Dataset entries:
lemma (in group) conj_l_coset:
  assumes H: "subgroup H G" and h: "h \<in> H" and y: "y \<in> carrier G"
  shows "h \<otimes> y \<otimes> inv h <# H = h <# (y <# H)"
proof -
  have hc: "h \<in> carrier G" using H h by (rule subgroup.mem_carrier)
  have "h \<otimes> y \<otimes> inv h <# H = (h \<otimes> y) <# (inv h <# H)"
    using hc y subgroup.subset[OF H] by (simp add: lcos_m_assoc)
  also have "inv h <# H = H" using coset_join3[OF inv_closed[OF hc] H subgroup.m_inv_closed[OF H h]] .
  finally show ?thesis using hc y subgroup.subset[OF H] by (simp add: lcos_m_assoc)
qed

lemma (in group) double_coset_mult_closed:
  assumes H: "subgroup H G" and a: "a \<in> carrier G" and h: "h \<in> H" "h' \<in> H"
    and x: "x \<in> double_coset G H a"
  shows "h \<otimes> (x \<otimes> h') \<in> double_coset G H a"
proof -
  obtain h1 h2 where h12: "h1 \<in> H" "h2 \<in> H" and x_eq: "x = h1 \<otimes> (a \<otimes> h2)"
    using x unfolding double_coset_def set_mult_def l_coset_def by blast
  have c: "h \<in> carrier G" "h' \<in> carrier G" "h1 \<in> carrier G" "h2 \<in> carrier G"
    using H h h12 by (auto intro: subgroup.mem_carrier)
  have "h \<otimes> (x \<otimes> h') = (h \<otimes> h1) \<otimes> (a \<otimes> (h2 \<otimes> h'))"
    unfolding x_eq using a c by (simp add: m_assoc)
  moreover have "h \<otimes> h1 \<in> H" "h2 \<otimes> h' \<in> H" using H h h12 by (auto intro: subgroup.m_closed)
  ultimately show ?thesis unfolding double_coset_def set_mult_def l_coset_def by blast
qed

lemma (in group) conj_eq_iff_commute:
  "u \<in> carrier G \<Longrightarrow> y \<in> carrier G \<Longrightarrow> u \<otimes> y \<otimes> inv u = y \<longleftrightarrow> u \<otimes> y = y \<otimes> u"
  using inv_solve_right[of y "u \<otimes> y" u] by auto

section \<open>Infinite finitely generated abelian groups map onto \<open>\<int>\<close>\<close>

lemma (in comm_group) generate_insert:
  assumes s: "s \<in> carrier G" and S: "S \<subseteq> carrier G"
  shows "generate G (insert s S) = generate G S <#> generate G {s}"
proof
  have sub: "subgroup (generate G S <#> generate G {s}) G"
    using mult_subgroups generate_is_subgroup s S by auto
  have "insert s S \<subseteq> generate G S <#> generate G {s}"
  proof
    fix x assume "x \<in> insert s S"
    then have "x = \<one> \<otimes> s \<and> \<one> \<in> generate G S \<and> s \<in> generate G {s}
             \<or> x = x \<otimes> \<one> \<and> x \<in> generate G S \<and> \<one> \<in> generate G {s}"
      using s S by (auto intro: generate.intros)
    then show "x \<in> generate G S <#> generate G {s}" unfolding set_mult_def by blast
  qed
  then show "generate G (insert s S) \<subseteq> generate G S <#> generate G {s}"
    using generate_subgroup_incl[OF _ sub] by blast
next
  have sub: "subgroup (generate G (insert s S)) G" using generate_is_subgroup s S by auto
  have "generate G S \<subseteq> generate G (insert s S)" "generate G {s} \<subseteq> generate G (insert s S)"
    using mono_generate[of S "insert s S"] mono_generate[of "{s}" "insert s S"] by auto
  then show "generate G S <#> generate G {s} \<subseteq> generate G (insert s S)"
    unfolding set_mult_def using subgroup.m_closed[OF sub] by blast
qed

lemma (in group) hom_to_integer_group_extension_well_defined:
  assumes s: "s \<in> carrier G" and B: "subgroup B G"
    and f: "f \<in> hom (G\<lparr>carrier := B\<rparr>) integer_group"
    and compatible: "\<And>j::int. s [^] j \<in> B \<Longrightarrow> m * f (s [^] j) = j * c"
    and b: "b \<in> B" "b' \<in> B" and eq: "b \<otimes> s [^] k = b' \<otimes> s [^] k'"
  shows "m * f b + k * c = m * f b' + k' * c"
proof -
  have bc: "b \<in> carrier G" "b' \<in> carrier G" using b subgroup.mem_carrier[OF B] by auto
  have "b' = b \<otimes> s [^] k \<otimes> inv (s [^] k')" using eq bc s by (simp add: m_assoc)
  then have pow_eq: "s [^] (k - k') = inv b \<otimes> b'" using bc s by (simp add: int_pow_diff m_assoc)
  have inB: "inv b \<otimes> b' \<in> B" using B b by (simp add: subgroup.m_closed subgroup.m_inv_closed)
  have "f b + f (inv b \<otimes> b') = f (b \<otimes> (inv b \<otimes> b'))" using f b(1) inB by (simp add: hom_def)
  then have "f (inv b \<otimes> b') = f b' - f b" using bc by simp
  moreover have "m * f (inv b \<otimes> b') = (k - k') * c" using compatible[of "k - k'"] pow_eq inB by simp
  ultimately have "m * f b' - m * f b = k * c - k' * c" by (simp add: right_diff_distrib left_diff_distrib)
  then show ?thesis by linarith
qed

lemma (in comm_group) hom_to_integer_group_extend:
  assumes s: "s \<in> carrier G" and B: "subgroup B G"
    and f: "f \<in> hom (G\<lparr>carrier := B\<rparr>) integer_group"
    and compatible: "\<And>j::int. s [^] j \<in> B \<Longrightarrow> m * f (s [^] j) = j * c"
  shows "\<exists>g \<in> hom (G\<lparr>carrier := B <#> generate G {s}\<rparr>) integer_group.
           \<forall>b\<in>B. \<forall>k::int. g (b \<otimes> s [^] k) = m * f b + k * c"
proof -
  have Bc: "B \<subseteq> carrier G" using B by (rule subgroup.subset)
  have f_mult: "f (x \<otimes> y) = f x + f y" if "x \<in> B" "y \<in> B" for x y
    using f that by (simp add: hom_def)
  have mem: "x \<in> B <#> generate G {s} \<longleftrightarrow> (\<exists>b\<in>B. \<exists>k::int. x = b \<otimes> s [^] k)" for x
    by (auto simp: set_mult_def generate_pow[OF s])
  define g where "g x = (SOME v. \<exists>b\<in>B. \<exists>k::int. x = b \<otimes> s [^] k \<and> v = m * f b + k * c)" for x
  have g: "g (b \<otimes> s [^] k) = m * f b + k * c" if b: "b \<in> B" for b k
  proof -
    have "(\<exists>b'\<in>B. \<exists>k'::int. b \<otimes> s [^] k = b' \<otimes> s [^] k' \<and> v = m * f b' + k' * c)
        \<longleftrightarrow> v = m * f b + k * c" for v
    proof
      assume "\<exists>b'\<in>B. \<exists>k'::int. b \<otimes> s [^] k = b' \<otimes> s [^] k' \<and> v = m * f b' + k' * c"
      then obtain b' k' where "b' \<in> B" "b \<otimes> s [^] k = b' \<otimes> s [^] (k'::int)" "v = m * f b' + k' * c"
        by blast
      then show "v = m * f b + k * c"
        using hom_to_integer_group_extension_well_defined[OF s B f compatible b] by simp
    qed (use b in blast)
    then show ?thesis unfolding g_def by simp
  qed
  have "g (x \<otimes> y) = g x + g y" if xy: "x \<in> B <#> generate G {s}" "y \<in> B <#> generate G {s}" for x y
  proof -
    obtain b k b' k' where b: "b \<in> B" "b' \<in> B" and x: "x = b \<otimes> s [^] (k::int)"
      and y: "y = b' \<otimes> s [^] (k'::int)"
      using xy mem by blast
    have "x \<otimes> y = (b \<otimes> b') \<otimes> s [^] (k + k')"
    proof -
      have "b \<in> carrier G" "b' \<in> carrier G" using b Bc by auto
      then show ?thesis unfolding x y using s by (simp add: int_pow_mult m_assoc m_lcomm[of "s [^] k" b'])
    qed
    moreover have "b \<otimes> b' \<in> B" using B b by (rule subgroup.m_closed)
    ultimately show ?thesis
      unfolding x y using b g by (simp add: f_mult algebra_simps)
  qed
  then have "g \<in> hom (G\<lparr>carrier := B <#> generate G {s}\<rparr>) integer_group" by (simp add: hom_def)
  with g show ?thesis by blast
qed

* * *

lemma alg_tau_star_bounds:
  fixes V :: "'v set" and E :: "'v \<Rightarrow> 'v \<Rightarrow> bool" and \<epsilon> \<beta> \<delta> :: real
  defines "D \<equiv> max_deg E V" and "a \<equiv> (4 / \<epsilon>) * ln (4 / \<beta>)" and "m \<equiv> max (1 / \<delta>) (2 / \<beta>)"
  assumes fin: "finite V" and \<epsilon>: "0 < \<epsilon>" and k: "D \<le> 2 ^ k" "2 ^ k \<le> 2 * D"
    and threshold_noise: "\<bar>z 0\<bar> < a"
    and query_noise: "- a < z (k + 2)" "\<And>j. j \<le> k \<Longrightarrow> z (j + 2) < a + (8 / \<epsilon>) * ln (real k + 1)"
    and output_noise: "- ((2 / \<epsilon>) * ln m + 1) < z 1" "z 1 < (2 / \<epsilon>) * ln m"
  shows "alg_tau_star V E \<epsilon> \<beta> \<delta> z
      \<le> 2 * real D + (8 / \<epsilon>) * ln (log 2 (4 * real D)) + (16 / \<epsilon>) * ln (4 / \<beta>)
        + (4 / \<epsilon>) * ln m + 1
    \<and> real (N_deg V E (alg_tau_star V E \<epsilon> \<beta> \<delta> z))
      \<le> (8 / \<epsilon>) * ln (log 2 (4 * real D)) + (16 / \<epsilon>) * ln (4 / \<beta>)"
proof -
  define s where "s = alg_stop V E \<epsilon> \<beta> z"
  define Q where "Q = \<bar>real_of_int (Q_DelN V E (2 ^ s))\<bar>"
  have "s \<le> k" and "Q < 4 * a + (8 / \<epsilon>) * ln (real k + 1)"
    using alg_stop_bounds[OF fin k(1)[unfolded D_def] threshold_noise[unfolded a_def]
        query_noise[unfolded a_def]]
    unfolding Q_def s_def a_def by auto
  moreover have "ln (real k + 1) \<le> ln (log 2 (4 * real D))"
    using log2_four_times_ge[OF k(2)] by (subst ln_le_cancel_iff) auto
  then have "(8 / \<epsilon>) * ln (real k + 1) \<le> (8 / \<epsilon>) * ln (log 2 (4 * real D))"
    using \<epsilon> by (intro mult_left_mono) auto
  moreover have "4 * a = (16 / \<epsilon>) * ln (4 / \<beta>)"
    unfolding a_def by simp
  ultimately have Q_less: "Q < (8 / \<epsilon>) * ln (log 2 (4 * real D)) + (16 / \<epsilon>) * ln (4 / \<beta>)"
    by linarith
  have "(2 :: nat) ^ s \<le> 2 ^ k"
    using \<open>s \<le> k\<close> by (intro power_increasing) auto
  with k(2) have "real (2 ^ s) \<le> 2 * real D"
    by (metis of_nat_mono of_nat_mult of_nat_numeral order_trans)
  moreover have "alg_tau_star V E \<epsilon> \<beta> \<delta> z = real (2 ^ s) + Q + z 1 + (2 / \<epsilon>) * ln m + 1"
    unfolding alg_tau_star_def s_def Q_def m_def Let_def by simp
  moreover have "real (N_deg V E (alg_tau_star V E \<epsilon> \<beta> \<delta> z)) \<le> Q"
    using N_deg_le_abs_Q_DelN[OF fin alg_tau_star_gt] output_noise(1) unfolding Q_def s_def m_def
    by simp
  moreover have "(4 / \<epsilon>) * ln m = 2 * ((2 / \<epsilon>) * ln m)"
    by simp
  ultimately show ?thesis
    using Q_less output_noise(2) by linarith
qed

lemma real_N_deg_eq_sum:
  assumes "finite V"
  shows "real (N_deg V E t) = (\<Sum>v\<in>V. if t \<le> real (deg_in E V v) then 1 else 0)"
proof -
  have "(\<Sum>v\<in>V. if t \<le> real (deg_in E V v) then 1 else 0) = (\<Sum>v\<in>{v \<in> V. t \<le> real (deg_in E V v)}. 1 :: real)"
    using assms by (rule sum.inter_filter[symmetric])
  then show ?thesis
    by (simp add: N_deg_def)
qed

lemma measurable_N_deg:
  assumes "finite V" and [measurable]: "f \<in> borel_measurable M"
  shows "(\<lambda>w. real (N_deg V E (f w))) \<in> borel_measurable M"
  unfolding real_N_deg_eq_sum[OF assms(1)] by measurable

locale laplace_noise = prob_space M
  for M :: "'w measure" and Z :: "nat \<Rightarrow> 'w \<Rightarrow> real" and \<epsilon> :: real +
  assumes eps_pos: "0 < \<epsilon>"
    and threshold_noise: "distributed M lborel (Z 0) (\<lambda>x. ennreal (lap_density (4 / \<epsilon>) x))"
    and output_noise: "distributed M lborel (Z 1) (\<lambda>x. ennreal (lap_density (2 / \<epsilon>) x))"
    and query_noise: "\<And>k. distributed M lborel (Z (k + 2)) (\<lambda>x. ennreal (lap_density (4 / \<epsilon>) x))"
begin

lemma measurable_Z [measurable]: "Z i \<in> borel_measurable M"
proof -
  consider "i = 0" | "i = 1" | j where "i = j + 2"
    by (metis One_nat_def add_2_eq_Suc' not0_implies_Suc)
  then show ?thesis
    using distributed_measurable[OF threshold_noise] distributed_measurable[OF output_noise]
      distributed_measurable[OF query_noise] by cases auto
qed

Task objective ▸ Copy the lines above exactly. Start with the line containing "(h \<otimes> h1)", end with the line containing "fix x assume", and include both.

Task solution ▸
  have "h \<otimes> (x \<otimes> h') = (h \<otimes> h1) \<otimes> (a \<otimes> (h2 \<otimes> h'))"
    unfolding x_eq using a c by (simp add: m_assoc)
  moreover have "h \<otimes> h1 \<in> H" "h2 \<otimes> h' \<in> H" using H h h12 by (auto intro: subgroup.m_closed)
  ultimately show ?thesis unfolding double_coset_def set_mult_def l_coset_def by blast
qed

lemma (in group) conj_eq_iff_commute:
  "u \<in> carrier G \<Longrightarrow> y \<in> carrier G \<Longrightarrow> u \<otimes> y \<otimes> inv u = y \<longleftrightarrow> u \<otimes> y = y \<otimes> u"
  using inv_solve_right[of y "u \<otimes> y" u] by auto

section \<open>Infinite finitely generated abelian groups map onto \<open>\<int>\<close>\<close>

lemma (in comm_group) generate_insert:
  assumes s: "s \<in> carrier G" and S: "S \<subseteq> carrier G"
  shows "generate G (insert s S) = generate G S <#> generate G {s}"
proof
  have sub: "subgroup (generate G S <#> generate G {s}) G"
    using mult_subgroups generate_is_subgroup s S by auto
  have "insert s S \<subseteq> generate G S <#> generate G {s}"
  proof
    fix x assume "x \<in> insert s S"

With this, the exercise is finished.